(Record excerpts begins)

(* Let $\rho^s$ be a qubit state on $H_2=\mathbb{C}^2$ and let $\rho=\rho^s\otimes|0\rangle\langle 0|$ be the two-qubit state on $H_2\otimes H_2$ obtained by adjoining an auxiliary qubit in state $|0\rangle$. Then there exists an incoherent operation $\Lambda$ on $H_2\otimes H_2$ such that $\Lambda(\rho)$ is Bell-nonlocal if and only if $\rho^s$ has non-vanishing coherence, i.e. $\rho^s_{01}=\langle 0|\rho^s|1\rangle\neq 0$.
   Context: Coherence is taken with respect to the fixed computational basis $\{|0\rangle,|1\rangle\}$ (and the product computational basis $\{|i\rangle|j\rangle\}$ on $H_2\otimes H_2$). A state is incoherent if it is diagonal in this basis; $\rho^s$ has non-vanishing coherence if it is not incoherent (equivalently its $l_1$-norm coherence $\mathcal{C}_{l_1}(\rho^s)=\sum_{i\neq j}|\rho^s_{ij}|$ is nonzero). An incoherent operation is a completely positive trace-preserving map $\Lambda(\rho)=\sum_j K_j\rho K_j^\dagger$ whose Kraus operators satisfy $K_j\mathcal{I}K_j^\dagger\subseteq\mathcal{I}$, where $\mathcal{I}$ is the set of incoherent states. A bipartite state is Bell-nonlocal if it violates some Bell inequality, i.e. its measurement statistics do not admit a local hidden variable model. *)

theory Defs
  imports Complex_Main
begin

text \<open>Finite-dimensional complex matrices are represented as functions
  nat => nat => complex; only the entries with indices below the dimension d
  are ever used.  The computational basis of C^d is the standard basis, and
  on C^2 (x) C^2 the product basis vector |i>|j> has index 2*i+j.\<close>

type_synonym cmat = "nat \<Rightarrow> nat \<Rightarrow> complex"

definition mmult :: "nat \<Rightarrow> cmat \<Rightarrow> cmat \<Rightarrow> cmat" where
  "mmult d A B = (\<lambda>i j. \<Sum>k<d. A i k * B k j)"

definition adjoint :: "cmat \<Rightarrow> cmat" where
  "adjoint A = (\<lambda>i j. cnj (A j i))"

definition idm :: cmat where
  "idm = (\<lambda>i j. if i = j then 1 else 0)"

definition mtrace :: "nat \<Rightarrow> cmat \<Rightarrow> complex" where
  "mtrace d A = (\<Sum>i<d. A i i)"

definition psd :: "nat \<Rightarrow> cmat \<Rightarrow> bool" where
  "psd d A \<longleftrightarrow> (\<forall>v :: nat \<Rightarrow> complex.
      let q = (\<Sum>i<d. \<Sum>j<d. cnj (v i) * A i j * v j) in Im q = 0 \<and> Re q \<ge> 0)"

definition density :: "nat \<Rightarrow> cmat \<Rightarrow> bool" where
  "density d \<rho> \<longleftrightarrow> psd d \<rho> \<and> mtrace d \<rho> = 1"
(* Fix an agent index $i$. For every $w\in\mathcal{R}_\infty^i$: (i) $Sw\in\mathcal{R}_\infty^i$; (ii) $S^{-1}w\in\mathcal{R}_\infty^i$; (iii) $S\mathcal{R}_\infty^i = \mathcal{R}_\infty^i$; (iv) $[(\Pi_i w)^\top\ w^\top]^\top\in\mathcal{O}_\infty^i$.
   Context: Agent $i$ has matrices $A_i\in\mathbb{R}^{n_i\times n_i}$, $B_i\in\mathbb{R}^{n_i\times m_i}$, $C_i\in\mathbb{R}^{q\times n_i}$ with $(A_i,B_i)$ controllable, and a constraint set $\mathbb{Z}_i\subset\mathbb{R}^{n_i+m_i}$ which is a polytope containing the origin in its interior. $K_i$ is fixed with $A_i^c := A_i + B_iK_i$ Schur. $S\in\mathbb{R}^{p\times p}$, $Q_e\in\mathbb{R}^{q\times p}$ with $S^\rho = I$ for some positive integer $\rho$, and for each eigenvalue $\lambda$ of $S$ the matrix $\begin{bmatrix} A_i-\lambda I & B_i\\ C_i & \mathbf{0}\end{bmatrix}$ has full row rank. $\Pi_i,\Gamma_i$ satisfy $A_i\Pi_i + B_i\Gamma_i = \Pi_iS$, $C_i\Pi_i = Q_e$, and $L_i := \Gamma_i - K_i\Pi_i$. Fix $\epsilon_i\in(0,1)$. $\mathcal{O}_\infty^i$ is the set of $(x,w)\in\mathbb{R}^{n_i}\times\mathbb{R}^p$ such that the sequence $x(0)=x$, $w(0)=w$, $x(k+1) = A_i^cx(k) + B_iL_iw(k)$, $w(k+1) = Sw(k)$ satisfies $[x(k)^\top\ (K_ix(k) + L_iw(k))^\top]^\top\in(1-\epsilon_i)\mathbb{Z}_i$ for all $k\ge0$. $\mathcal{R}_\infty^i = \{w\in\mathbb{R}^p : \exists x \text{ with } [x^\top\ w^\top]^\top\in\mathcal{O}_\infty^i\}$. *)

theory Defs
  imports "HOL-Analysis.Analysis"
begin

text \<open>Matrix power (note: the default power on vec types is componentwise).\<close>
definition mat_pow :: "real^'n^'n \<Rightarrow> nat \<Rightarrow> real^'n^'n" where
  "mat_pow A k = (((**) A) ^^ k) (mat 1)"

definition cmat :: "real^'c^'r \<Rightarrow> complex^'c^'r" where
  "cmat M = (\<chi> i j. complex_of_real (M $ i $ j))"
(* Let $\rho$ be an $m$-qubit density matrix, and let $\eta,\varepsilon\in\mathbb R$ and $b>0$ satisfy $\eta-\varepsilon-\frac1b>0$. Let $\mathcal C$ be a finite set of $m$-qubit pure product states such that (1) $\langle\pi|\rho|\pi\rangle\ge\eta-\varepsilon$ for all $|\pi\rangle\in\mathcal C$, and (2) $d_{\tan}(|\pi\rangle,|\pi'\rangle)\ge b$ for all distinct $|\pi\rangle,|\pi'\rangle\in\mathcal C$. Then $|\mathcal C|\le\frac{1}{\eta-\varepsilon-\frac1b}$.
   Context: For pure product states $|\pi\rangle=\bigotimes_{i=1}^m|\pi_i\rangle$ and $|\pi'\rangle=\bigotimes_{i=1}^m|\pi'_i\rangle$ (each $|\pi_i\rangle,|\pi'_i\rangle\in\mathbb{C}^2$ a unit vector), the tangent distance is $d_{\tan}(|\pi\rangle,|\pi'\rangle)=\Big(\sum_{i=1}^m\frac{1-|\langle\pi_i|\pi'_i\rangle|^2}{|\langle\pi_i|\pi'_i\rangle|^2}\Big)^{1/2}$ (a summand is $+\infty$ if $\langle\pi_i|\pi'_i\rangle=0$); equivalently, for $|\pi_{\vec z}\rangle=\bigotimes_i\frac{|0\rangle+z_i|1\rangle}{\sqrt{1+|z_i|^2}}$ it equals $\big(\sum_i|\frac{z_i-a_i}{1+z_i^*a_i}|^2\big)^{1/2}$. Distinct states are distinct up to global phase. *)

theory Defs
  imports "HOL-Analysis.Analysis"
begin

definition density_matrix :: "nat \<Rightarrow> (nat \<Rightarrow> nat \<Rightarrow> complex) \<Rightarrow> bool" where
  "density_matrix m \<rho> \<longleftrightarrow>
     (\<forall>x<2^m. \<forall>y<2^m. \<rho> y x = cnj (\<rho> x y)) \<and>
     (\<forall>v :: nat \<Rightarrow> complex.
        0 \<le> Re (\<Sum>x<2^m. \<Sum>y<2^m. cnj (v x) * \<rho> x y * v y)) \<and>
     (\<Sum>x<2^m. \<rho> x x) = 1"

definition qubit_unit :: "complex \<times> complex \<Rightarrow> bool" where
  "qubit_unit p \<longleftrightarrow> (cmod (fst p))^2 + (cmod (snd p))^2 = 1"

definition product_state :: "nat \<Rightarrow> (complex \<times> complex) list \<Rightarrow> bool" where
  "product_state m \<pi> \<longleftrightarrow> length \<pi> = m \<and> (\<forall>p\<in>set \<pi>. qubit_unit p)"

definition qinner :: "complex \<times> complex \<Rightarrow> complex \<times> complex \<Rightarrow> complex" where
  "qinner p q = cnj (fst p) * fst q + cnj (snd p) * snd q"

(* amplitude of the tensor product state at the basis index x in {0..<2^m};
   bit i of x selects the |0> or |1> component of the i-th factor *)
definition prod_amp :: "(complex \<times> complex) list \<Rightarrow> nat \<Rightarrow> complex" where
  "prod_amp \<pi> x = (\<Prod>i<length \<pi>. if odd (x div 2^i) then snd (\<pi> ! i) else fst (\<pi> ! i))"

definition expval :: "nat \<Rightarrow> (nat \<Rightarrow> nat \<Rightarrow> complex) \<Rightarrow> (complex \<times> complex) list \<Rightarrow> complex" where
  "expval m \<rho> \<pi> = (\<Sum>x<2^m. \<Sum>y<2^m. cnj (prod_amp \<pi> x) * \<rho> x y * prod_amp \<pi> y)"

definition d_tan :: "(complex \<times> complex) list \<Rightarrow> (complex \<times> complex) list \<Rightarrow> ereal" where
  "d_tan \<pi> \<pi>' =
     (if \<exists>i<length \<pi>. qinner (\<pi> ! i) (\<pi>' ! i) = 0 then \<infinity>
      else ereal (sqrt (\<Sum>i<length \<pi>.
              (1 - (cmod (qinner (\<pi> ! i) (\<pi>' ! i)))^2) / (cmod (qinner (\<pi> ! i) (\<pi>' ! i)))^2)))"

(Record excerpts ends)

- **How to complete this task**: Copy every line in the data above that has the string "bool" in it.

- **Written reply**:
definition psd :: "nat \<Rightarrow> cmat \<Rightarrow> bool" where
definition density :: "nat \<Rightarrow> cmat \<Rightarrow> bool" where
definition density_matrix :: "nat \<Rightarrow> (nat \<Rightarrow> nat \<Rightarrow> complex) \<Rightarrow> bool" where
definition qubit_unit :: "complex \<times> complex \<Rightarrow> bool" where
definition product_state :: "nat \<Rightarrow> (complex \<times> complex) list \<Rightarrow> bool" where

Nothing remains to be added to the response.